Эшелон остановился напротив платформы с танками, замаскированными соломенными матами. В затишье у борта, наигрывая на саратовской гармошке с бубенцами, простуженный тенорок веселил вокзальный люд солеными частушками.
Гармошка замолкла разом, точно сломалась, когда из теплушек выползла на ясный свет наша братия. В худой по тем трудным временам одежонке, с угольными разводами на неумытых физиономиях мы, наверное, напоминали беспризорную ватагу из старого кинофильма «Путевка в жизнь».
Молча стояли окружившие нас танкисты. Только усатый сержант с пороховыми синими дробинами на корявом лице бесцеремонно толкался среди горе-новобранцев, хватал за плечи, заглядывал в глаза, будто искал кого-то, и говорил растерянно, овевая слабым запахом винного перегара:
— Ну дела! Братцы! Куда камсу-то, а? Неуж в самое пекло?!

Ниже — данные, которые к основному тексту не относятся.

lemma lapply_add:
  assumes "finite (supp a)" "finite (supp b)"
  shows "lapply h (a + b) = lapply h a + lapply h b"
proof
  fix y
  let ?S = "supp a \<union> supp b"
  have S: "finite ?S" using assms by simp
  have "lapply h (a + b) y = (\<Sum>x\<in>?S. (a x + b x) * h x y)"
    using lapply_eq_sum[OF S supp_add] by simp
  also have "\<dots> = (\<Sum>x\<in>?S. a x * h x y) + (\<Sum>x\<in>?S. b x * h x y)"
    by (simp add: distrib_right sum.distrib)
  also have "\<dots> = (lapply h a + lapply h b) y"
    using lapply_eq_sum[OF S, of a h y] lapply_eq_sum[OF S, of b h y] by auto
  finally show "lapply h (a + b) y = (lapply h a + lapply h b) y" .
qed

lemma lapply_add_map: "lapply (\<lambda>b. h b + g b) c = lapply h c + lapply g c"
  by (simp add: lapply_def fun_eq_iff distrib_left sum.distrib)

lemma lapply_cong: "(\<And>b. b \<in> supp c \<Longrightarrow> h b = h' b) \<Longrightarrow> lapply h c = lapply h' c"
  unfolding lapply_def by auto

lemma lapply_lapply:
  assumes c: "finite (supp c)" and h: "\<And>b. b \<in> supp c \<Longrightarrow> finite (supp (h b))"
  shows "lapply g (lapply h c) = lapply (\<lambda>b. lapply g (h b)) c"
proof
  fix z
  let ?T = "\<Union>b\<in>supp c. supp (h b)"
  have T: "finite ?T" using assms by auto
  have "lapply g (lapply h c) z = (\<Sum>y\<in>?T. (\<Sum>b\<in>supp c. c b * h b y) * g y z)"
    using lapply_eq_sum[OF T supp_lapply] by (simp add: lapply_def)
  also have "\<dots> = (\<Sum>b\<in>supp c. \<Sum>y\<in>?T. c b * (h b y * g y z))"
    by (simp add: sum_distrib_right mult.assoc sum.swap[of _ ?T])
  also have "\<dots> = (\<Sum>b\<in>supp c. c b * lapply g (h b) z)"
  proof (rule sum.cong[OF refl])
    fix b assume "b \<in> supp c"
    then have "lapply g (h b) z = (\<Sum>y\<in>?T. h b y * g y z)"
      by (intro lapply_eq_sum[OF T]) auto
    then show "(\<Sum>y\<in>?T. c b * (h b y * g y z)) = c b * lapply g (h b) z"
      by (simp add: sum_distrib_left)
  qed
  finally show "lapply g (lapply h c) z = lapply (\<lambda>b. lapply g (h b)) c z"
    by (simp add: lapply_def)
qed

Мы обидчиво воротили носы от сержанта, не приемля «камсу». Нам не дано было тогда постичь всю безмерную глубину его отцовской тревоги. Это мы-то камса? А кто рыл щели от авиабомб под липами на Тверском бульваре? Кто в сорок первом осенними тягучими ночами дежурил на крышах и с душой, нырнувшей в пятки, хватался за железные крючья, сбрасывая в чердачное окно «зажигалки», плевавшиеся голубым диким огнем?

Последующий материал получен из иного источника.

(* Let $R$ be a principal ideal domain and let $P$ be a lattice equipped with a compatible abelian group structure. Let $M=\bigoplus_{a\in P}M_a$ be a persistence module over $R$ indexed by $P$, viewed as a $P$-graded $R[U_0]$-module, such that each $M_a$ is a finitely generated $R$-module. Then $M$ is graded projective if and only if $M$ is graded free.
   Context: A lattice is a partially ordered set $(P,\le)$ in which every two elements $x,y$ have a join $x\vee y$ (least upper bound) and a meet $x\wedge y$ (greatest lower bound). $P$ has a compatible abelian group structure if $(P,+,0)$ is an abelian group and $a\le b$ implies $a+c\le b+c$ for all $a,b,c\in P$. Let $U_0=\{s\in P: s\ge 0\}$, a commutative monoid under $+$, and let $R[U_0]$ be its monoid ring: elements are finite formal sums $\sum_{s\in U_0}c_st^s$ with $c_s\in R$, $t^st^{s'}=t^{s+s'}$, graded by $\deg(ct^s)=s$. A persistence module over $R$ indexed by $P$ is a functor from $P$ (viewed as a category with a morphism $a\to b$ iff $a\le b$) to $R$-modules; equivalently a $P$-graded $R[U_0]$-module $M=\bigoplus_{a\in P}M_a$, where for $m\in M_a$ and $s\in U_0$, $t^s\cdot m$ is the image of $m$ under the structure map $M_a\to M_{a+s}$. Morphisms are degree-preserving $R[U_0]$-homomorphisms. $M$ is graded free if it has an $R[U_0]$-basis of homogeneous elements; $M$ is graded projective if it is a graded direct summand of a graded free module (equivalently, it has the lifting property against graded epimorphisms in the category of graded modules). *)

theory Defs
  imports "HOL-Library.Lattice_Algebras" "HOL-Algebra.Module" "HOL-Algebra.Ring_Divisibility"
begin

definition lin_map ::
  "('r, 'c) ring_scheme \<Rightarrow> ('r, 'm) module \<Rightarrow> ('r, 'n) module \<Rightarrow> ('m \<Rightarrow> 'n) \<Rightarrow> bool" where
  "lin_map R M N f \<longleftrightarrow>
     f \<in> carrier M \<rightarrow> carrier N \<and>
     (\<forall>x\<in>carrier M. \<forall>y\<in>carrier M. f (x \<oplus>\<^bsub>M\<^esub> y) = f x \<oplus>\<^bsub>N\<^esub> f y) \<and>
     (\<forall>r\<in>carrier R. \<forall>x\<in>carrier M. f (r \<odot>\<^bsub>M\<^esub> x) = r \<odot>\<^bsub>N\<^esub> f x)"

definition persistence_module ::
  "('r, 'c) ring_scheme \<Rightarrow> ('p::order \<Rightarrow> ('r, 'm) module) \<Rightarrow> ('p \<Rightarrow> 'p \<Rightarrow> 'm \<Rightarrow> 'm) \<Rightarrow> bool" where
  "persistence_module R M T \<longleftrightarrow>
     (\<forall>a. module R (M a)) \<and>
     (\<forall>a b. a \<le> b \<longrightarrow> lin_map R (M a) (M b) (T a b)) \<and>
     (\<forall>a. \<forall>x\<in>carrier (M a). T a a x = x) \<and>
     (\<forall>a b c. a \<le> b \<longrightarrow> b \<le> c \<longrightarrow> (\<forall>x\<in>carrier (M a). T b c (T a b x) = T a c x))"

text \<open>Morphisms of persistence modules (= degree-preserving R[U_0]-homomorphisms):
  natural transformations.\<close>
definition pmod_hom ::
  "('r, 'c) ring_scheme \<Rightarrow> ('p::order \<Rightarrow> ('r, 'm) module) \<Rightarrow> ('p \<Rightarrow> 'p \<Rightarrow> 'm \<Rightarrow> 'm)
   \<Rightarrow> ('p \<Rightarrow> ('r, 'n) module) \<Rightarrow> ('p \<Rightarrow> 'p \<Rightarrow> 'n \<Rightarrow> 'n) \<Rightarrow> ('p \<Rightarrow> 'm \<Rightarrow> 'n) \<Rightarrow> bool" where
  "pmod_hom R M T N S h \<longleftrightarrow>
     (\<forall>a. lin_map R (M a) (N a) (h a)) \<and>
     (\<forall>a b. a \<le> b \<longrightarrow> (\<forall>x\<in>carrier (M a). h b (T a b x) = S a b (h a x)))"

text \<open>Graded free: there is a family B of homogeneous elements (pairs (degree, element))
  forming an R[U_0]-basis; equivalently, for every degree b the elements
  t^(b-a) e = T a b e, for (a,e) \<in> B with a \<le> b, form an R-basis (as an indexed family)
  of M b.\<close>
definition graded_free ::
  "('r, 'c) ring_scheme \<Rightarrow> ('p::ordered_ab_group_add \<Rightarrow> ('r, 'm) module) \<Rightarrow> ('p \<Rightarrow> 'p \<Rightarrow> 'm \<Rightarrow> 'm) \<Rightarrow> bool" where
  "graded_free R M T \<longleftrightarrow>
     (\<exists>B. B \<subseteq> {(a, x). x \<in> carrier (M a)} \<and>
       (\<forall>b. (\<forall>y\<in>carrier (M b). \<exists>S c. finite S \<and> S \<subseteq> {i\<in>B. fst i \<le> b} \<and>
                 c \<in> S \<rightarrow> carrier R \<and>
                 y = finsum (M b) (\<lambda>i. c i \<odot>\<^bsub>M b\<^esub> T (fst i) b (snd i)) S) \<and>
            (\<forall>S c. finite S \<and> S \<subseteq> {i\<in>B. fst i \<le> b} \<and> c \<in> S \<rightarrow> carrier R \<and>
                 finsum (M b) (\<lambda>i. c i \<odot>\<^bsub>M b\<^esub> T (fst i) b (snd i)) S = \<zero>\<^bsub>M b\<^esub>
                 \<longrightarrow> (\<forall>i\<in>S. c i = \<zero>\<^bsub>R\<^esub>))))"

text \<open>Graded projective: M is (isomorphic to) a graded direct summand of a graded free
  module F, i.e. there are graded morphisms i : M \<rightarrow> F and p : F \<rightarrow> M with p \<circ> i = id.\<close>
definition graded_projective ::
  "'f itself \<Rightarrow> ('r, 'c) ring_scheme \<Rightarrow> ('p::ordered_ab_group_add \<Rightarrow> ('r, 'm) module)
   \<Rightarrow> ('p \<Rightarrow> 'p \<Rightarrow> 'm \<Rightarrow> 'm) \<Rightarrow> bool" where
  "graded_projective _ R M T \<longleftrightarrow>
     (\<exists>(F :: 'p \<Rightarrow> ('r, 'f) module) S i p.
        persistence_module R F S \<and> graded_free R F S \<and>
        pmod_hom R M T F S i \<and> pmod_hom R F S M T p \<and>
        (\<forall>a. \<forall>x\<in>carrier (M a). p a (i a x) = x))"

definition fin_gen :: "('r, 'c) ring_scheme \<Rightarrow> ('r, 'm) module \<Rightarrow> bool" where
  "fin_gen R N \<longleftrightarrow>
     (\<exists>G. finite G \<and> G \<subseteq> carrier N \<and>
        (\<forall>y\<in>carrier N. \<exists>c. c \<in> G \<rightarrow> carrier R \<and> y = finsum N (\<lambda>x. c x \<odot>\<^bsub>N\<^esub> x) G))"

end

theory Submission
  imports Defs
begin

definition lincomb :: "('r, 'm, 'x) module_scheme \<Rightarrow> ('i \<Rightarrow> 'm) \<Rightarrow> ('i \<Rightarrow> 'r) \<Rightarrow> 'i set \<Rightarrow> 'm" where
  "lincomb N v c S = (\<Oplus>\<^bsub>N\<^esub>i\<in>S. c i \<odot>\<^bsub>N\<^esub> v i)"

До передовой, до «самого пекла» нас так и не довезли, а скорее, сознательно не допустили, определив в охрану тыла 3-го Белорусского фронта.

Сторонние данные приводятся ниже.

(* Assume (A1) and (A2). Then there exists a constant $c>0$ such that for any $x,x'\in\mathbb S_+^{d-1}$ and $n\geqslant1$, \[ \mathbb E|S_n^x-S_n^{x'}|\leqslant\mathbb E^{1/2}\big[|S_n^x-S_n^{x'}|^2\big]\leqslant c\,\mathbf d(x,x') \] and \[ \mathbb E\Big[\Big|\min_{1\leqslant j\leqslant n}S_j^x-\min_{1\leqslant j\leqslant n}S_j^{x'}\Big|\Big]\leqslant\mathbb E^{1/2}\Big[\Big|\min_{1\leqslant j\leqslant n}S_j^x-\min_{1\leqslant j\leqslant n}S_j^{x'}\Big|^2\Big]\leqslant c\,\mathbf d(x,x'). \]
   Context: Let $d\geqslant2$, $|x|=\sum_i|\langle x,e_i\rangle|$, $\mathbb S_+^{d-1}=\{x\in\mathbb R_+^d:|x|=1\}$. $\mathcal M_+$: $d\times d$ allowable matrices (nonnegative, each row and column has a positive entry); $\mathcal M_+^\circ$: strictly positive matrices. $\|g\|=\sup_{x\in\mathbb S_+^{d-1}}|gx|$, $\iota(g)=\inf_{x\in\mathbb S_+^{d-1}}|gx|$, $N(g)=\max\{\|g\|,\iota(g)^{-1}\}$. $(g_n)$ i.i.d. with law $\mu$; $S_n^x=\log|g_n\cdots g_1x|$. (A1) $\mathbb P(\bigcup_n\{g_n\cdots g_1\in\mathcal M_+^\circ\})>0$. (A2) $\int(\log N(g))^{2+\delta}\mu(dg)<\infty$ for some $\delta>0$. Hilbert metric $\mathbf d(x,x')=\frac{1-m(x,x')m(x',x)}{1+m(x,x')m(x',x)}$, $m(x,x')=\min_i\langle x,e_i\rangle/\langle x',e_i\rangle$. *)

theory Defs
  imports "HOL-Probability.Probability"
begin

definition l1 :: "real ^ 'n \<Rightarrow> real" where
  "l1 x = (\<Sum>i\<in>UNIV. \<bar>x $ i\<bar>)"

definition pos_sphere :: "(real ^ 'n) set" where
  "pos_sphere = {x. (\<forall>i. 0 \<le> x $ i) \<and> l1 x = 1}"

definition allowable :: "real ^ 'n ^ 'n \<Rightarrow> bool" where
  "allowable g \<longleftrightarrow> (\<forall>i j. 0 \<le> g $ i $ j)
     \<and> (\<forall>i. \<exists>j. 0 < g $ i $ j) \<and> (\<forall>j. \<exists>i. 0 < g $ i $ j)"

definition strictly_positive :: "real ^ 'n ^ 'n \<Rightarrow> bool" where
  "strictly_positive g \<longleftrightarrow> (\<forall>i j. 0 < g $ i $ j)"

definition mnorm :: "real ^ 'n ^ 'n \<Rightarrow> real" where
  "mnorm g = (SUP x\<in>pos_sphere. l1 (g *v x))"

definition iota :: "real ^ 'n ^ 'n \<Rightarrow> real" where
  "iota g = (INF x\<in>pos_sphere. l1 (g *v x))"

definition NN :: "real ^ 'n ^ 'n \<Rightarrow> real" where
  "NN g = max (mnorm g) (inverse (iota g))"

text \<open>Left product g (n-1) ** ... ** g 0 (the paper's g_n ... g_1, with g_k indexed from 0).\<close>
fun lprod :: "(nat \<Rightarrow> real ^ 'n ^ 'n) \<Rightarrow> nat \<Rightarrow> real ^ 'n ^ 'n" where
  "lprod g 0 = mat 1"
| "lprod g (Suc n) = g n ** lprod g n"

text \<open>m(x,y) = sup{lambda : lambda y <= x} = min over i with y_i > 0 of x_i / y_i.\<close>
definition mratio :: "real ^ 'n \<Rightarrow> real ^ 'n \<Rightarrow> real" where
  "mratio x y = Min {x $ i / y $ i | i. 0 < y $ i}"

definition hdist :: "real ^ 'n \<Rightarrow> real ^ 'n \<Rightarrow> real" where
  "hdist x y = (1 - mratio x y * mratio y x) / (1 + mratio x y * mratio y x)"

definition Slog :: "(nat \<Rightarrow> real ^ 'n ^ 'n) \<Rightarrow> nat \<Rightarrow> real ^ 'n \<Rightarrow> real" where
  "Slog g n x = ln (l1 (lprod g n *v x))"

end

(*
  For an allowable matrix A and x, x' in the positive part of the l1 sphere, the quantity
  |ln |A x| - ln |A x'|| is bounded by c(A), the logarithm of the ratio of the largest to the
  smallest column sum of A, and also by 6 d(x, x') as soon as m(x, x') m(x', x) >= 1/3.  In the
  remaining case d(x, x') >= 1/2, so it suffices to dominate c(g_j ... g_1), j <= n, by a random
  variable whose second moment is bounded uniformly in n.

  By (A1) there are m and e > 0 such that a block of m consecutive factors has entries comparable up
  to the factor e with probability p > 0.  Multiplying by such a block brings c below -2 ln e, and
  c is subadditive.  So c(g_j ... g_1) is at most -2 ln e plus the costs of the blocks up to the
  first comparable one.  The cost of block b counts only if the b preceding blocks all fail, which
  by independence has probability (1 - p)^b, and (A2) gives a finite second moment of the cost of a
  single block.  A Cauchy-Schwarz inequality with geometric weights sums these contributions.
*)
theory Submission
  imports Defs
begin

section \<open>Column sums and the logarithmic condition number\<close>

definition nonneg_mat :: "real^'n^'n \<Rightarrow> bool" where
  "nonneg_mat A \<longleftrightarrow> (\<forall>i j. 0 \<le> A $ i $ j)"

definition colsum :: "real^'n^'n \<Rightarrow> 'n \<Rightarrow> real" where
  "colsum A j = (\<Sum>i\<in>UNIV. A $ i $ j)"

definition max_colsum :: "real^'n^'n \<Rightarrow> real" where
  "max_colsum A = Max (range (colsum A))"

definition min_colsum :: "real^'n^'n \<Rightarrow> real" where
  "min_colsum A = Min (range (colsum A))"

text \<open>For nonnegative A this is ln (\<parallel>A\<parallel> / \<iota>(A)), by mnorm_eq_max_colsum and iota_eq_min_colsum.\<close>
definition log_cond :: "real^'n^'n \<Rightarrow> real" where
  "log_cond A = ln (max_colsum A) - ln (min_colsum A)"

definition comparable_entries :: "real \<Rightarrow> real^'n^'n \<Rightarrow> bool" where
  "comparable_entries e B \<longleftrightarrow> (\<forall>i j. 0 < B $ i $ j) \<and> (\<forall>i j k l. e * B $ k $ l \<le> B $ i $ j)"

lemma allowable_imp_nonneg_mat: "allowable A \<Longrightarrow> nonneg_mat A"
  by (simp add: allowable_def nonneg_mat_def)

lemma colsum_nonneg: "nonneg_mat A \<Longrightarrow> 0 \<le> colsum A j"
  unfolding colsum_def nonneg_mat_def by (simp add: sum_nonneg)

В день принятия присяги мы стояли в строю на мощенной камнем площади маленького полесского городка, наполовину сведенного недавними боями в рыжие бугры. Шел мокрый снег и таял, скатываясь каплями с круглых булыжников, отчего площадь казалась сплошь заставленной мелкими, налитыми доверху чайными блюдечками. Было зябко в тонких шинелях из болотно-зеленого сукна, даренного, как тогда поговаривали, нашим союзником, самим английским королем. Смущали и тревожили обмотки, которые имели зловредное свойство разматываться в самый неподходящий момент, и все мы робко завидовали ослепительной внешности командира полка подполковника Бардина, его кавалерийской бекеше, скрипучим оранжевым ремням и шпорам с колесиками на хромовых, лихо спущенных гармошкой сапогах.
Но когда мы прошли с песнями по спокойным улочкам с буграми вместо домов и вернулись в казарму, всех поразил ефрейтор Михайленко. Немногословный человек с немигающим взглядом, этот ефрейтор из старослужащих в учебном батальоне умело выламывал из нас «гражданку», но зато плотно помалкивал, когда на политзанятиях речистые москвичи с апломбом толковали о втором фронте и даже о конференции в Думбартон-Оксе.
А тут он вдруг сказал неуставным и неслыханно новым для нас домашним голосом:
— Теперь, хлопцы, мы все военные побратимы. Вот так-то хлопцы.
И эти простые слова, и даже не они сами, а тот, проникающий в сердце тон, с каким они были сказаны, запомнились навсегда. В одно будто мгновение мы, стриженные под машинку юнцы, которые мечтали о суженных галифе да лишнем наряде на кухню, перешагнули черту, отделявшую нас от настоящих солдат, от бойцов, жизнью и кровью своей присягнувших на верность Родине, нерасторжимо связанные отныне и с ефрейтором Михайленко, и с подполковником Бардиным, и с тем покалеченным пороховым взрывом сержантом, который ушел вместе со своими побратимами-танкистами на запад, туда, откуда по ночам сквозь расстояния глухо, как сквозь стиснутые зубы, доносились стоны раненой земли.
Мы служили вдали от фронта и не имеем права называться фронтовиками, хотя для многих из нас война не окончилась в мае сорок пятого. Диалектика этой войны, ее классовая сущность раскрывались перед нами в непролазных чащобах и болотах, среди белолесья с темными озерами, полных колдовского очарования. Мы знали: в дымных жилищах полещуков, где, потрескивая, искрилась и углилась лучина, всегда подадут глиняный ковшик с водой и укажут дорогу через топи. Но не верь льстивым улыбкам и жди в любую минуту выстрела в спину с фольварка, крытого оцинкованным железом, с обнесенных бревенчатыми заборами хуторов осадников, этих бывших наймитов ясновельможной пилсудчины. Мы несли службу и несли потери, удивляясь тому, что время для нас как бы сместилось в прошлое, познакомив наяву с лучиной и с кулацким обрезом.